# Cool flower and bug! ID’s please



## cnycharles (Sep 12, 2020)

I stepped over to this flower at break, and thought I saw the dried up remnants of a small praying mantis on the flower. I couldn’t see the spines on the arms like the usual ones you see in our area so I thought it had died there and parts had fallen off. But when I poked it moved!
Which species is this? The brown is not solid, it looks exactly like dead stick camouflage



It is not large at all, very small


----------



## Ray (Sep 12, 2020)

Don’t know the plant, but that’s an acrobatic praying mantis.


----------



## cnycharles (Sep 12, 2020)

Yes it is gravity defying  . Does anyone know which species it is? (Whether native or foreign) ty


----------



## abax (Sep 12, 2020)

I'm guessing native. I've seen the darker ones around from time to time...
perhaps immature?


----------



## mrhappyrotter (Sep 13, 2020)

The flower looks like Salvia azurea and the mantis looks like a juvenile Carolina mantis, but I'm less sure about that ID.


----------



## Jenny St. Michel (Sep 13, 2020)

Looks like a stick bug. I see them around every now and then.

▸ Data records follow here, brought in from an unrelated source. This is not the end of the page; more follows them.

(* Let $R$ be an associative ring with identity and involution $*$, and let $a\in R^{\#}\cap R^{\dagger}$. Then $a\in R^{SEP}$ if and only if $a^{\dagger}a^3a^*a^{\dagger}\in PE(R)$.
   Context: An involution on $R$ is a map $x\mapsto x^*$ with $(x^* )^*=x$, $(x+y)^*=x^*+y^*$, $(xy)^*=y^*x^*$. An element $a$ is Moore–Penrose invertible if there is $b$ with $aba=a$, $bab=b$, $(ab)^*=ab$, $(ba)^*=ba$; such $b$ is unique, denoted $a^{\dagger}$, and $R^{\dagger}$ is the set of such $a$. An element $a$ is group invertible if there is $b$ with $aba=a$, $bab=b$, $ab=ba$; such $b$ is unique, denoted $a^{\#}$, and $R^{\#}$ is the set of such $a$. $PE(R)=\{e\in R: e^2=e=e^*\}$ is the set of projections. For $a\in R^{\#}\cap R^{\dagger}$, $a$ is SEP if $a^*=a^{\dagger}=a^{\#}$; $R^{SEP}$ denotes the set of SEP elements. *)

theory Defs
  imports Main
begin

definition is_involution :: "('a::ring_1 \<Rightarrow> 'a) \<Rightarrow> bool" where
  "is_involution s \<longleftrightarrow>
     (\<forall>x. s (s x) = x) \<and> (\<forall>x y. s (x + y) = s x + s y) \<and> (\<forall>x y. s (x * y) = s y * s x)"

definition is_mp_inverse :: "('a::ring_1 \<Rightarrow> 'a) \<Rightarrow> 'a \<Rightarrow> 'a \<Rightarrow> bool" where
  "is_mp_inverse s a b \<longleftrightarrow> a * b * a = a \<and> b * a * b = b \<and> s (a * b) = a * b \<and> s (b * a) = b * a"

definition mp_invertible :: "('a::ring_1 \<Rightarrow> 'a) \<Rightarrow> 'a \<Rightarrow> bool" where
  "mp_invertible s a \<longleftrightarrow> (\<exists>b. is_mp_inverse s a b)"

definition mp_inv :: "('a::ring_1 \<Rightarrow> 'a) \<Rightarrow> 'a \<Rightarrow> 'a" where
  "mp_inv s a = (THE b. is_mp_inverse s a b)"

definition is_group_inverse :: "'a::ring_1 \<Rightarrow> 'a \<Rightarrow> bool" where
  "is_group_inverse a b \<longleftrightarrow> a * b * a = a \<and> b * a * b = b \<and> a * b = b * a"

definition group_invertible :: "'a::ring_1 \<Rightarrow> bool" where
  "group_invertible a \<longleftrightarrow> (\<exists>b. is_group_inverse a b)"

definition group_inv :: "'a::ring_1 \<Rightarrow> 'a" where
  "group_inv a = (THE b. is_group_inverse a b)"

definition projection :: "('a::ring_1 \<Rightarrow> 'a) \<Rightarrow> 'a \<Rightarrow> bool" where
  "projection s e \<longleftrightarrow> e * e = e \<and> e = s e"

definition SEP :: "('a::ring_1 \<Rightarrow> 'a) \<Rightarrow> 'a \<Rightarrow> bool" where
  "SEP s a \<longleftrightarrow> group_invertible a \<and> mp_invertible s a \<and>
     s a = mp_inv s a \<and> mp_inv s a = group_inv a"

end

theory Submission
  imports Defs
begin

(* Write b for the Moore-Penrose inverse of a and P = b a^3 a* b. If a is SEP, then a* = b
   commutes with a and P collapses to the projection ab. Conversely, P absorbs ab on the right
   and ba on the left; as P, ab and ba are self-adjoint, it also absorbs ab on the left and ba on
   the right. The factor a^3 a* can be cancelled on either side with the help of the group
   inverse, which turns these identities into a b^2 = b = b^2 a, hence ab = ba and b is the group
   inverse. Then P = a^2 a* b, and P^2 = P reduces to a* a a* = a*, so a* is a Moore-Penrose
   inverse of a. *)

lemma group_inverse_unique:
  assumes b: "is_group_inverse a b" and c: "is_group_inverse a c"
  shows "b = c"
proof -
  have b1: "a * b * a = a" "b * a * b = b" "a * b = b * a"
    and c1: "a * c * a = a" "c * a * c = c" "a * c = c * a"
    using b c by (auto simp: is_group_inverse_def)
  have "a * c = (a * b) * (a * c)" using b1(1) by (simp add: mult.assoc[symmetric])
  also have "\<dots> = (b * a) * (c * a)" using b1(3) c1(3) by simp
  also have "\<dots> = b * a" using c1(1) by (simp add: mult.assoc)
  finally have ac_ab: "a * c = a * b" using b1(3) by simp
  have "b = (b * a) * b" using b1(2) by (simp add: mult.assoc)
  also have "\<dots> = (c * a) * c" using ac_ab b1(2,3) c1(3) by (metis mult.assoc)
  also have "\<dots> = c" using c1(2) .
  finally show ?thesis .
qed

lemma group_inv_eqI: "is_group_inverse a g \<Longrightarrow> group_inv a = g"
  unfolding group_inv_def by (blast intro: group_inverse_unique)

lemma group_inverse_absorb:
  assumes "is_group_inverse a g"
  shows "a * a * g = a" and "g * a * a = a"
proof -
  have aga: "a * g * a = a" and comm: "a * g = g * a"
    using assms by (auto simp: is_group_inverse_def)
  have "a * a * g = a * (g * a)" by (simp add: mult.assoc comm)
  then show "a * a * g = a" using aga by (simp add: mult.assoc)
  show "g * a * a = a" using aga by (simp add: comm[symmetric])
qed

lemma group_inverse_cube:
  assumes "is_group_inverse a g"
  shows "a ^ 3 * g * g = a" and "g * g * a ^ 3 = a"
proof -
  have "a ^ 3 * g * g = a * (a * a * g) * g" by (simp add: power3_eq_cube mult.assoc)
  then show "a ^ 3 * g * g = a" using group_inverse_absorb[OF assms] by simp
  have "g * g * a ^ 3 = g * (g * a * a) * a" by (simp add: power3_eq_cube mult.assoc)
  then show "g * g * a ^ 3 = a" using group_inverse_absorb[OF assms] by simp
qed

lemma mp_inverse_commuting_group_inverse:
  "is_mp_inverse s a b \<Longrightarrow> a * b = b * a \<Longrightarrow> is_group_inverse a b"
  unfolding is_mp_inverse_def is_group_inverse_def by simp

locale involutive_ring =
  fixes s :: "'a::ring_1 \<Rightarrow> 'a"
  assumes involution: "is_involution s"
begin

lemma star_star: "s (s x) = x"
  using involution by (simp add: is_involution_def)

lemma star_mult: "s (x * y) = s y * s x"
  using involution by (simp add: is_involution_def)

lemma self_adjoint_absorb_iff:
  assumes "s e = e" and "s p = p"
  shows "e * p = e \<longleftrightarrow> p * e = e"
proof -
  have "s (e * p) = p * e" and "s (p * e) = e * p" using assms by (simp_all add: star_mult)
  then show ?thesis using assms by metis
qed

lemma mp_inverse_unique:
  assumes b: "is_mp_inverse s a b" and c: "is_mp_inverse s a c"
  shows "b = c"
proof -
  have b1: "a * b * a = a" "b * a * b = b" "s (a * b) = a * b" "s (b * a) = b * a"
    and c1: "a * c * a = a" "c * a * c = c" "s (a * c) = a * c" "s (c * a) = c * a"
    using b c by (auto simp: is_mp_inverse_def)
  have "b = b * s (a * b)" using b1(2,3) by (simp add: mult.assoc)
  also have "\<dots> = b * s (a * c * a * b)" using c1(1) by simp
  also have "\<dots> = b * s (a * b) * s (a * c)" by (simp add: star_mult mult.assoc)
  also have "\<dots> = b * a * c" using b1(2,3) c1(3) by (simp add: mult.assoc)
  finally have b_eq: "b = b * a * c" .
  have "c = s (c * a) * c" using c1(2,4) by (simp add: mult.assoc)
  also have "\<dots> = s (c * a * b * a) * c" using b1(1) by (simp add: mult.assoc)
  also have "\<dots> = s (b * a) * s (c * a) * c" by (simp add: star_mult mult.assoc)
  also have "\<dots> = b * a * c" using b1(4) c1(2,4) by (simp add: mult.assoc)
  finally show ?thesis using b_eq by simp
qed

lemma mp_inv_eqI: "is_mp_inverse s a b \<Longrightarrow> mp_inv s a = b"
  unfolding mp_inv_def by (blast intro: mp_inverse_unique)

lemma mp_inverse_projection: "is_mp_inverse s a b \<Longrightarrow> projection s (a * b)"
  unfolding is_mp_inverse_def projection_def by (simp add: mult.assoc[symmetric])

lemma mp_inverse_star_absorb:
  assumes "is_mp_inverse s a b"
  shows "b * a * s a = s a" and "s a * a * b = s a"
proof -
  have aba: "a * b * a = a" and ab: "s (a * b) = a * b" and ba: "s (b * a) = b * a"
    using assms by (auto simp: is_mp_inverse_def)
  have "b * a * s a = s (a * (b * a))" using ba by (simp add: star_mult)
  then show "b * a * s a = s a" using aba by (simp add: mult.assoc)
  have "s a * (a * b) = s (a * b * a)" using ab by (simp add: star_mult)
  then show "s a * a * b = s a" using aba by (simp add: mult.assoc)
qed

lemma group_inverse_star:
  assumes "is_group_inverse a g"
  shows "is_group_inverse (s a) (s g)"
proof -
  have "a * g * a = a" "g * a * g = g" "a * g = g * a"
    using assms by (auto simp: is_group_inverse_def)
  moreover have "s a * s g * s a = s (a * g * a)" "s g * s a * s g = s (g * a * g)"
    "s a * s g = s (g * a)" "s g * s a = s (a * g)"
    by (simp_all add: star_mult mult.assoc)
  ultimately show ?thesis unfolding is_group_inverse_def by simp
qed

lemma cube_star_mp_right_cancel:
  assumes mp: "is_mp_inverse s a b" and grp: "is_group_inverse a g"
  shows "a ^ 3 * s a * b * (a * s a * s g * s b * g * g) = a"
proof -
  have aba: "a * b * a = a" and ba: "s (b * a) = b * a"
    using mp by (auto simp: is_mp_inverse_def)
  have "a ^ 3 * s a * b * (a * s a * s g * s b * g * g)
      = a ^ 3 * (s a * (b * a * s a) * s g) * s b * g * g"
    by (simp add: mult.assoc)
  also have "\<dots> = a ^ 3 * (s a * s b) * g * g"
    using mp_inverse_star_absorb(1)[OF mp] group_inverse_absorb(1)[OF group_inverse_star[OF grp]]
    by (simp add: mult.assoc)
  also have "\<dots> = a * a * (a * b * a) * g * g"
    using ba by (simp add: star_mult power3_eq_cube mult.assoc)
  also have "\<dots> = a" using aba group_inverse_cube(1)[OF grp] by (simp add: power3_eq_cube)
  finally show ?thesis .
qed

lemma cube_star_left_cancel:
  assumes mp: "is_mp_inverse s a b" and grp: "is_group_inverse a g"
  shows "b * g * g * (a ^ 3 * s a) = s a"
proof -
  have "b * g * g * (a ^ 3 * s a) = b * (g * g * a ^ 3) * s a" by (simp add: mult.assoc)
  then show ?thesis using group_inverse_cube(2)[OF grp] mp_inverse_star_absorb(1)[OF mp] by simp
qed

lemma projection_cube_star_square_left:
  assumes mp: "is_mp_inverse s a b" and grp: "is_group_inverse a g"
    and proj: "projection s (b * a ^ 3 * s a * b)"
  shows "a * b * b = b"
proof -
  define m where "m = a ^ 3 * s a * b"
  define W where "W = a * s a * s g * s b * g * g"
  have mW: "m * W = a" unfolding m_def W_def using cube_star_mp_right_cancel[OF mp grp] .
  have bab: "b * a * b = b" and ab: "s (a * b) = a * b"
    using mp by (auto simp: is_mp_inverse_def)
  have sP: "s (b * m) = b * m" using proj unfolding m_def projection_def by (simp add: mult.assoc)
  have "b * m * (a * b) = b * m" unfolding m_def using bab by (simp add: mult.assoc)
  then have "a * b * (b * m) = b * m" using self_adjoint_absorb_iff[OF sP ab] by blast
  then have "a * b * (b * m) * W * b = b * m * W * b" by simp
  then have "a * b * b * (m * W) * b = b * (m * W) * b" by (simp add: mult.assoc)
  then have "a * b * (b * a * b) = b * a * b" using mW by (simp add: mult.assoc)
  then show ?thesis using bab by (simp add: mult.assoc)
qed

lemma projection_cube_star_square_right:
  assumes mp: "is_mp_inverse s a b" and grp: "is_group_inverse a g"
    and proj: "projection s (b * a ^ 3 * s a * b)"
  shows "b * b * a = b"
proof -
  define m where "m = a ^ 3 * s a"
  have aba: "a * b * a = a" and ba: "s (b * a) = b * a" and ab: "s (a * b) = a * b"
    using mp by (auto simp: is_mp_inverse_def)
  have "a * b * m = (a * b * a) * a * a * s a" unfolding m_def by (simp add: power3_eq_cube mult.assoc)
  then have abm: "a * b * m = m" unfolding m_def using aba by (simp add: power3_eq_cube)
  have sP: "s (b * m * b) = b * m * b"
    using proj unfolding m_def projection_def by (simp add: mult.assoc)
  have "b * a * (b * m * b) = b * (a * b * m) * b" by (simp add: mult.assoc)
  then have "b * a * (b * m * b) = b * m * b" using abm by simp
  then have "b * m * b * (b * a) = b * m * b" using self_adjoint_absorb_iff[OF sP ba] by blast
  then have "a * (b * m * b * (b * a)) = a * (b * m * b)" by simp
  then have "m * b * b * a = m * b" using abm by (simp add: mult.assoc[symmetric])
  then have "b * g * g * m * b * b * a = b * g * g * m * b" by (simp add: mult.assoc)
  then have "s b * (s a * b * b * a) = s b * (s a * b)"
    using cube_star_left_cancel[OF mp grp] unfolding m_def by simp
  moreover have "s b * s a = a * b" using ab by (simp add: star_mult)
  ultimately have "a * b * b * b * a = a * b * b" by (simp add: mult.assoc[symmetric])
  then show ?thesis using projection_cube_star_square_left[OF mp grp proj] by simp
qed

lemma projection_cube_star_commute:
  assumes mp: "is_mp_inverse s a b" and grp: "is_group_inverse a g"
    and proj: "projection s (b * a ^ 3 * s a * b)"
  shows "a * b = b * a"
proof -
  have "a * b = a * (b * b * a)" using projection_cube_star_square_right[OF mp grp proj] by simp
  also have "\<dots> = (a * b * b) * a" by (simp add: mult.assoc)
  also have "\<dots> = b * a" using projection_cube_star_square_left[OF mp grp proj] by simp
  finally show ?thesis .
qed

lemma projection_cube_star_star_mp_inverse:
  assumes mp: "is_mp_inverse s a b" and comm: "a * b = b * a"
    and proj: "projection s (b * a ^ 3 * s a * b)"
  shows "is_mp_inverse s a (s a)"
proof -
  have aba: "a * b * a = a" using mp by (simp add: is_mp_inverse_def)
  have baa: "b * a * a = a" using aba comm by simp
  have bas: "b * a * s a = s a" and sab: "s a * a * b = s a"
    using mp_inverse_star_absorb[OF mp] by simp_all
  define P where "P = a * a * s a * b"
  have "b * a ^ 3 * s a * b = (b * a * a) * a * s a * b" by (simp add: power3_eq_cube mult.assoc)
  then have "projection s P" using proj baa unfolding P_def by simp
  then have "P * P = P" by (simp add: projection_def)
  moreover have "P * P = a * a * s a * (b * a * a) * s a * b" unfolding P_def by (simp add: mult.assoc)
  ultimately have "a * a * s a * a * s a * b = a * a * s a * b" using baa unfolding P_def by simp
  then have "b * b * (a * a * s a * a * s a * b) = b * b * (a * a * s a * b)" by simp
  moreover have "b * b * a * a = b * a" using baa by (simp add: mult.assoc)
  ultimately have "s a * a * s a * b = s a * b" using bas by (simp add: mult.assoc[symmetric])
  then have "s a * a * s a * b * a = s a * b * a" by simp
  moreover have "s a * b * a = s a" using sab comm by (simp add: mult.assoc)
  ultimately have sas: "s a * a * s a = s a" by (simp add: mult.assoc)
  then have "s (s a * a * s a) = a" by (simp add: star_star)
  then have asa: "a * s a * a = a" by (simp add: star_mult star_star mult.assoc)
  show ?thesis unfolding is_mp_inverse_def
    using sas asa by (simp add: star_mult star_star)
qed

lemma commuting_cube_star_eq:
  assumes mp: "is_mp_inverse s a b" and comm: "a * b = b * a" and star: "s a = b"
  shows "b * a ^ 3 * s a * b = a * b"
proof -
  have aba: "a * b * a = a" and bab: "b * a * b = b" using mp by (auto simp: is_mp_inverse_def)
  have "b * a ^ 3 * s a * b = (b * a * a) * (a * b) * b" using star by (simp add: power3_eq_cube mult.assoc)
  also have "\<dots> = a * (b * a * b)" using aba comm by (simp add: mult.assoc)
  also have "\<dots> = a * b" using bab by simp
  finally show ?thesis .
qed

end

theorem theorem2p5:
  fixes s :: "'a::ring_1 \<Rightarrow> 'a" and a :: 'a
  assumes "is_involution s"
    and "group_invertible a" and "mp_invertible s a"
  shows "SEP s a \<longleftrightarrow>
    projection s (mp_inv s a * a ^ 3 * s a * mp_inv s a)"
proof -
  interpret involutive_ring s by standard (fact assms(1))
  obtain b where mp: "is_mp_inverse s a b" using assms(3) by (auto simp: mp_invertible_def)
  obtain g where grp: "is_group_inverse a g" using assms(2) by (auto simp: group_invertible_def)
  have SEP_iff: "SEP s a \<longleftrightarrow> s a = b \<and> b = g"
    using assms(2,3) mp_inv_eqI[OF mp] group_inv_eqI[OF grp] by (auto simp: SEP_def)
  show ?thesis unfolding mp_inv_eqI[OF mp]
  proof
    assume "SEP s a"
    then have "s a = b" and "a * b = b * a" using grp by (auto simp: SEP_iff is_group_inverse_def)
    then show "projection s (b * a ^ 3 * s a * b)"
      using commuting_cube_star_eq[OF mp] mp_inverse_projection[OF mp] by simp
  next
    assume proj: "projection s (b * a ^ 3 * s a * b)"
    have comm: "a * b = b * a" using projection_cube_star_commute[OF mp grp proj] .
    have "b = g" using group_inverse_unique[OF mp_inverse_commuting_group_inverse[OF mp comm] grp] .
    moreover have "s a = b"
      using mp_inverse_unique[OF projection_cube_star_star_mp_inverse[OF mp comm proj] mp] .
    ultimately show "SEP s a" by (simp add: SEP_iff)
  qed
qed

end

There’s a bunch of different kinds depending on your location. If you google stick bug and your location I bet you could find it. I don’t think they are harmful.


----------



## Rockbend (Sep 13, 2020)

That far north, it is probably the Chinese Mantis.

A little immature for being this late in the season, it had better eat and grow a lot before the cold comes.


----------